Personality problem solving: Would you consider your personality more hysterical or more obsessive, and have you changed since living in New York; has "New York" become a part of you?
When the time is right, I'm more likely to be hysterical than obsessive, but in general I'd say I'm pretty balanced. I don't think it has really changed me all that much, but New York has definitely become a part of me. I have a lot of trouble being anywhere else now.
NYC confessional: Do you have a local guilty pleasure?
I could eat an entire box of warm chocolate cream puffs at Beard Papa.
When you just need to get away from it all, where is your favorite place in NYC to be alone, relish in solitude and find your earthly happiness? (We promise not to intrude.)

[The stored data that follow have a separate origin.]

(* Let $\mu$ be a probability measure on $\mathbb{R}$, absolutely continuous with density $f$, whose support is not included in $(-\infty,0)$. Assume there is a complex valued function $k$ on $\mathbb{R}$ such that $f(t)=\int_{\mathbb{R}}e^{iut}k(u)\,du$ for all $t\ge0$, and that 1. the absolute moments $M_n=\int_{\mathbb{R}}|u|^n|k(u)|\,du$, $n\ge0$, are finite and $\limsup_n M_n/n!<\infty$; 2. $k$ does not vanish on any interval of $\mathbb{R}$. Then $f$ is bounded on $[0,\infty)$, and for every $g\in L^1([0,\infty))$, if $\int_0^\infty f(t+s)g(s)\,ds=0$ for all $t\ge0$ then $g=0$ almost everywhere. In particular, $\mu$ is characterized by the restrictions of $\mu$ and $\mu*\mu$ to $[0,\infty)$ (any probability measure $\mu_1$ on $\mathbb{R}$ with $\mu_1=\mu$ and $\mu_1*\mu_1=\mu*\mu$ on $[0,\infty)$ equals $\mu$), and $\mu\in\mathscr{C}$. Moreover the restriction of $f$ to $[0,\infty)$ admits an analytic continuation on $\mathbb{R}$ (namely $t\mapsto\int_{\mathbb{R}}e^{iut}k(u)\,du$ is real-analytic on $\mathbb{R}$).
   Context: $\mathscr{C}$ is the set of probability measures $\mu$ on $\mathbb{R}$ such that every probability measure $\mu_1$ with $\mu_1^{*n}=\mu^{*n}$ on $[0,\infty)$ for all $n\ge1$ ($*n$ = $n$-fold convolution power) equals $\mu$. *)

theory Defs
  imports "HOL-Probability.Probability"
begin

fun conv_pow :: "real measure \<Rightarrow> nat \<Rightarrow> real measure" where
  "conv_pow M 0 = return borel 0"
| "conv_pow M (Suc n) = (if n = 0 then M else M \<star> conv_pow M n)"

definition agree_on_nonneg :: "real measure \<Rightarrow> real measure \<Rightarrow> bool" where
  "agree_on_nonneg M N \<longleftrightarrow> (\<forall>A \<in> sets borel. A \<subseteq> {0..} \<longrightarrow> emeasure M A = emeasure N A)"
lemma jm_op_commute_less:
  assumes "a < b"
  shows "jm_op m a (jm_op m b f) = jm_op m b (jm_op m a f)"
proof
  fix \<sigma>
  let ?\<tau> = "Transposition.transpose"
  have conj: "?\<tau> i a \<circ> ?\<tau> i' b = ?\<tau> (?\<tau> i a i') b \<circ> ?\<tau> i a" if "i \<le> a" for i i'
    using that assms by (auto simp: fun_eq_iff Transposition.transpose_def)
  have "jm_op m a (jm_op m b f) \<sigma> = (\<Sum>i\<in>{1..a}. \<Sum>i'\<in>{1..b}. m * (m * f (\<sigma> \<circ> ?\<tau> i a \<circ> ?\<tau> i' b)))"
    unfolding jm_op_def by (simp add: sum_distrib_left)
  also have "\<dots> = (\<Sum>i\<in>{1..a}. \<Sum>i'\<in>{1..b}. m * (m * f (\<sigma> \<circ> ?\<tau> i' b \<circ> ?\<tau> i a)))"
  proof (rule sum.cong[OF refl])
    fix i assume i: "i \<in> {1..a}"
    then have "?\<tau> i a permutes {1..b}"
      using assms by (intro permutes_swap_id) auto
    then have bij: "bij_betw (?\<tau> i a) {1..b} {1..b}"
      by (rule permutes_imp_bij)
    have "(\<Sum>i'\<in>{1..b}. m * (m * f (\<sigma> \<circ> ?\<tau> i a \<circ> ?\<tau> i' b)))
        = (\<Sum>i'\<in>{1..b}. m * (m * f (\<sigma> \<circ> ?\<tau> (?\<tau> i a i') b \<circ> ?\<tau> i a)))"
      using i by (intro sum.cong refl) (simp add: comp_assoc conj)
    also have "\<dots> = (\<Sum>i'\<in>{1..b}. m * (m * f (\<sigma> \<circ> ?\<tau> i' b \<circ> ?\<tau> i a)))"
      by (rule sum.reindex_bij_betw[OF bij])
    finally show "(\<Sum>i'\<in>{1..b}. m * (m * f (\<sigma> \<circ> ?\<tau> i a \<circ> ?\<tau> i' b)))
        = (\<Sum>i'\<in>{1..b}. m * (m * f (\<sigma> \<circ> ?\<tau> i' b \<circ> ?\<tau> i a)))" .
  qed
  also have "\<dots> = jm_op m b (jm_op m a f) \<sigma>"
    unfolding jm_op_def by (subst sum.swap) (simp add: sum_distrib_left)
  finally show "jm_op m a (jm_op m b f) \<sigma> = jm_op m b (jm_op m a f) \<sigma>" .
qed
(* Let $T\in\mathbb{R}$, let $v\ge2$ be an integer or $v=\infty$, and for each integer $2\le j<v+1$ let $S_j:\Delta_j\to\mathbb{R}$ be a continuous function, such that the family satisfies the coherence axiom: whenever $2\le m<n<v+1$, $1\le i_1<\cdots<i_m\le n$ and $p\in\Delta_n$ has $p_j=0$ for all $j\notin\{i_1,\ldots,i_m\}$, then $S_n(p_1,\ldots,p_n)=S_m(p_{i_1},\ldots,p_{i_m})$. Let $\mathbf{T}$ be an $(n,v)$-tree with $n\ge 2$. Then for all $x_1,\ldots,x_n\in\mathbb{R}$, $$(x_1\oplus_S\cdots\oplus_S x_n)_{\mathbf{T}}=\min_{p\in\Delta_n}\Big(\sum_{i=1}^np_ix_i-T\,S_{\mathbf{T}}(p_1,\ldots,p_n)\Big).$$
   Context: $\Delta_k=\{p\in[0,\infty)^k:\sum_ip_i=1\}$. An $(n,v)$-tree is a finite rooted tree in which every vertex is either a leaf or has between $2$ and $v$ children, ordered from left to right, and whose $n$ leaves are labelled bijectively by $\{1,\ldots,n\}$. For $2\le m<v+1$ and $y_1,\ldots,y_m\in\mathbb{R}$ define the $m$-ary operation $\bigoplus_m(y_1,\ldots,y_m)=\min_{q\in\Delta_m}\big(\sum_jq_jy_j-T\,S_m(q)\big)$. For a tree (or subtree, whose leaves carry a label set) define recursively: a single leaf labelled $i$ has value $x_i$ and entropy $0$; if the root has subtrees $\mathbf{A}_1,\ldots,\mathbf{A}_m$ (left to right) with label sets $L_1,\ldots,L_m$, the value is $(x_1\oplus_S\cdots\oplus_Sx_n)_{\mathbf{T}}=\bigoplus_m(\text{value of }\mathbf{A}_1,\ldots,\text{value of }\mathbf{A}_m)$ and, for a probability vector $p$ indexed by the labels, with $P_j=\sum_{i\in L_j}p_i$, $$S_{\mathbf{T}}(p)=S_m(P_1,\ldots,P_m)+\sum_{j=1}^mP_j\,S_{\mathbf{A}_j}\big((p_i/P_j)_{i\in L_j}\big),$$ where a term with $P_j=0$ is taken to be $0$. *)

theory Defs
  imports "HOL-Analysis.Analysis" "HOL-Library.Extended_Nat"
begin

text \<open>Probability prob_simplex Delta_k, realised inside nat => real (product topology):
  coordinates 0..<k, all other coordinates are 0.\<close>
definition prob_simplex :: "nat \<Rightarrow> (nat \<Rightarrow> real) set" where
  "prob_simplex k = {p. (\<forall>i. 0 \<le> p i) \<and> (\<forall>i\<ge>k. p i = 0) \<and> (\<Sum>i<k. p i) = 1}"

definition padvec :: "real list \<Rightarrow> nat \<Rightarrow> real" where
  "padvec ys = (\<lambda>k. if k < length ys then ys ! k else 0)"

definition coherent :: "enat \<Rightarrow> (nat \<Rightarrow> (nat \<Rightarrow> real) \<Rightarrow> real) \<Rightarrow> bool" where
  "coherent v S \<longleftrightarrow>
     (\<forall>m n \<sigma> p. 2 \<le> m \<and> m < n \<and> enat n \<le> v \<and>
        strict_mono_on {..<m} \<sigma> \<and> (\<forall>k<m. \<sigma> k < n) \<and>
        p \<in> prob_simplex n \<and> (\<forall>j<n. j \<notin> \<sigma> ` {..<m} \<longrightarrow> p j = 0)
        \<longrightarrow> S n p = S m (\<lambda>k. if k < m then p (\<sigma> k) else 0))"

text \<open>The m-ary operation: minimum over the prob_simplex (taken as Inf; it is attained).\<close>
definition oplusm :: "real \<Rightarrow> (nat \<Rightarrow> (nat \<Rightarrow> real) \<Rightarrow> real) \<Rightarrow> real list \<Rightarrow> real" where
  "oplusm T S ys = Inf ((\<lambda>q. (\<Sum>j<length ys. q j * ys ! j) - T * S (length ys) q)
                          ` prob_simplex (length ys))"

datatype ltree = Leaf nat | Node "ltree list"

fun leaves :: "ltree \<Rightarrow> nat list" where
  "leaves (Leaf i) = [i]"
| "leaves (Node ts) = concat (map leaves ts)"

fun arity_ok :: "enat \<Rightarrow> ltree \<Rightarrow> bool" where
  "arity_ok v (Leaf i) = True"
| "arity_ok v (Node ts) = (2 \<le> length ts \<and> enat (length ts) \<le> v \<and> (\<forall>t\<in>set ts. arity_ok v t))"

text \<open>(n,v)-tree; leaves labelled bijectively by {0..<n} (0-based labels).\<close>
definition nv_tree :: "nat \<Rightarrow> enat \<Rightarrow> ltree \<Rightarrow> bool" where
  "nv_tree n v t \<longleftrightarrow> arity_ok v t \<and> distinct (leaves t) \<and> set (leaves t) = {0..<n}"

fun tree_val :: "real \<Rightarrow> (nat \<Rightarrow> (nat \<Rightarrow> real) \<Rightarrow> real) \<Rightarrow> (nat \<Rightarrow> real) \<Rightarrow> ltree \<Rightarrow> real" where
  "tree_val T S x (Leaf i) = x i"
| "tree_val T S x (Node ts) = oplusm T S (map (tree_val T S x) ts)"

definition mass :: "(nat \<Rightarrow> real) \<Rightarrow> ltree \<Rightarrow> real" where
  "mass p t = (\<Sum>i\<in>set (leaves t). p i)"

fun tree_entropy :: "(nat \<Rightarrow> (nat \<Rightarrow> real) \<Rightarrow> real) \<Rightarrow> ltree \<Rightarrow> (nat \<Rightarrow> real) \<Rightarrow> real" where
  "tree_entropy S (Leaf i) p = 0"
| "tree_entropy S (Node ts) p =
     S (length ts) (padvec (map (mass p) ts)) +
     sum_list (map (\<lambda>t. if mass p t = 0 then 0
                         else mass p t * tree_entropy S t (\<lambda>i. p i / mass p t)) ts)"

end

theory Submission
  imports Defs
begin

text \<open>At a node with children \<open>A\<^sub>1, \<dots>, A\<^sub>m\<close> the free energy
  \<open>\<Sum> p\<^sub>i x\<^sub>i - T S\<^sub>T(p)\<close> splits, by the recursive (chain-rule) form of \<open>S\<^sub>T\<close>, into
  \<open>\<Sum>\<^sub>j P\<^sub>j F\<^sub>j(p/P\<^sub>j) - T S\<^sub>m(P)\<close>, where \<open>F\<^sub>j\<close> is the free energy of the \<open>j\<close>-th subtree.
  Minimising first over the conditional distributions \<open>p/P\<^sub>j\<close> (induction hypothesis) and
  then over the masses \<open>P \<in> \<Delta>\<^sub>m\<close> (definition of \<open>\<oplus>\<^sub>m\<close>) gives the claim; conversely every
  \<open>p\<close> arises from its masses and conditionals, so nothing smaller is possible.
  The minima exist because \<open>\<Delta>\<^sub>m\<close> is compact and \<open>S\<^sub>m\<close> continuous.\<close>

definition simplex_on :: "nat set \<Rightarrow> (nat \<Rightarrow> real) set" where
  "simplex_on L = {p. (\<forall>i\<in>L. 0 \<le> p i) \<and> sum p L = 1}"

I either run in Riverside park, or put on my iPod and walk the perimeter of Central Park.
What's one thing you've done (or regularly do) in NYC that you could not have conceived doing anywhere else?
I take my beautiful dog for swim therapy every Sunday at The Dog Run. It has taken years off her age.
Assuming that you're generally respectful of your fellow citizens, was there ever a time when you had to absolutely unleash your inner asshole to get satisfaction?
Not so far. I'm pretty low key.
Describe that low-low moment when you thought you just might have to leave NYC for good.
There was a brief period of time when I first got here that I wondered if I might not make it. I was very lonely and I went on a bad "new friend blind date" with a friend of a friend. Total disaster. Mortifying, actually. I have since seen that person in the streets and run away like a terrified child.
Besides more square footage, what luxury would you most like to have in your apartment?
A door for my bedroom.
311: Help or hoopla? Have you ever put it to use?
Never heard of it. I’m kind of out of the loop.